lemma square_integrable_Pr:
  assumes "square_integrable M f" shows "square_integrable M (Pr i f)"
proof -
  have "integrable M (\<lambda>x. (real_cond_exp M (F i) f x)\<^sup>2)"
    using sigma_finite_subalgebra.integrable_convex_cond_exp[OF sigma_finite_subalgebra_F,
        where X=f and I=UNIV and q=power2] assms convex_power2
    by (auto simp: square_integrable_def square_integrable_integrable)
  then show ?thesis
    using borel_measurable_cond_exp2 by (simp add: square_integrable_def Pr_def)
qed

lemma integral_Pr_mult:
  assumes "square_integrable M f" "square_integrable M g"
  shows "(\<integral>x. Pr i f x * g x \<partial>M) = (\<integral>x. Pr i f x * Pr i g x \<partial>M)"
  using sigma_finite_subalgebra.real_cond_exp_intg(2)[OF sigma_finite_subalgebra_F, of "Pr i f" g i]
    integrable_mult_square_integrable[OF square_integrable_Pr[OF assms(1)] assms(2)]
    Pr_borel_measurable_F assms(2)
  by (simp add: square_integrable_def Pr_def)

lemma integral_Pr:
  assumes "square_integrable M f" shows "(\<integral>x. Pr i f x \<partial>M) = (\<integral>x. f x \<partial>M)"
  using sigma_finite_subalgebra.real_cond_exp_int(2)[OF sigma_finite_subalgebra_F
      square_integrable_integrable[OF assms]]
  by (simp add: Pr_def)

lemma integral_Pr_square_le:
  assumes "square_integrable M f"
  shows "(\<integral>x. Pr i f x * Pr i f x \<partial>M) \<le> (\<integral>x. (f x)\<^sup>2 \<partial>M)"
proof -
  define N where "N = (\<integral>x. Pr i f x * Pr i f x \<partial>M)"
  have "(\<integral>x. f x * Pr i f x \<partial>M) = N"
    using integral_Pr_mult[OF assms assms, of i] by (simp add: N_def mult.commute)
  then have "N\<^sup>2 \<le> (\<integral>x. (f x)\<^sup>2 \<partial>M) * N"
    using integral_Cauchy_Schwarz[OF assms square_integrable_Pr[OF assms], of i]
    by (simp add: N_def power2_eq_square)
  moreover have "N \<ge> 0" unfolding N_def by (rule integral_nonneg_AE) auto
  ultimately show ?thesis unfolding N_def[symmetric]
    by (cases "N = 0") (auto simp: power2_eq_square)
qed

lemma square_integrable_scan: "square_integrable M f \<Longrightarrow> square_integrable M (scan p f)"
  unfolding scan_def by (intro square_integrable_sum square_integrable_cmult square_integrable_Pr)

lemma square_integrable_scan_iter: "square_integrable M f \<Longrightarrow> square_integrable M ((scan p ^^ n) f)"
  by (induction n) (auto intro: square_integrable_scan)

lemma integral_scan_mult:
  assumes "square_integrable M f" "square_integrable M g"
  shows "(\<integral>x. scan p f x * g x \<partial>M) = scan_form p f g"
proof -
  have "(\<integral>x. scan p f x * g x \<partial>M) = (\<integral>x. (\<Sum>i<s. p i * (Pr i f x * g x)) \<partial>M)"
    unfolding scan_def by (simp add: sum_distrib_right mult.assoc)
  also have "\<dots> = (\<Sum>i<s. p i * (\<integral>x. Pr i f x * g x \<partial>M))"
    using assms by (subst Bochner_Integration.integral_sum)
      (auto intro!: integrable_mult_square_integrable square_integrable_Pr)
  also have "\<dots> = scan_form p f g" unfolding scan_form_def using integral_Pr_mult[OF assms] by simp
  finally show ?thesis .
qed

lemma integral_scan:
  assumes "weights p" "square_integrable M f"
  shows "(\<integral>x. scan p f x \<partial>M) = (\<integral>x. f x \<partial>M)"
proof -
  have "(\<integral>x. scan p f x \<partial>M) = (\<Sum>i<s. p i * (\<integral>x. Pr i f x \<partial>M))"
    unfolding scan_def using assms(2)
    by (subst Bochner_Integration.integral_sum)
      (auto intro!: square_integrable_integrable square_integrable_Pr)
  then show ?thesis
    using assms by (simp add: integral_Pr weights_def flip: sum_distrib_right)
qed

lemma integral_scan_iter:
  "weights p \<Longrightarrow> square_integrable M f \<Longrightarrow> (\<integral>x. (scan p ^^ n) f x \<partial>M) = (\<integral>x. f x \<partial>M)"
  by (induction n) (auto simp: integral_scan square_integrable_scan_iter)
.....
### PROMPT
After identifying the lines above that contain "thesis", copy each one.

### THE ANSWER
  then show ?thesis
  ultimately show ?thesis unfolding N_def[symmetric]
  finally show ?thesis .
  then show ?thesis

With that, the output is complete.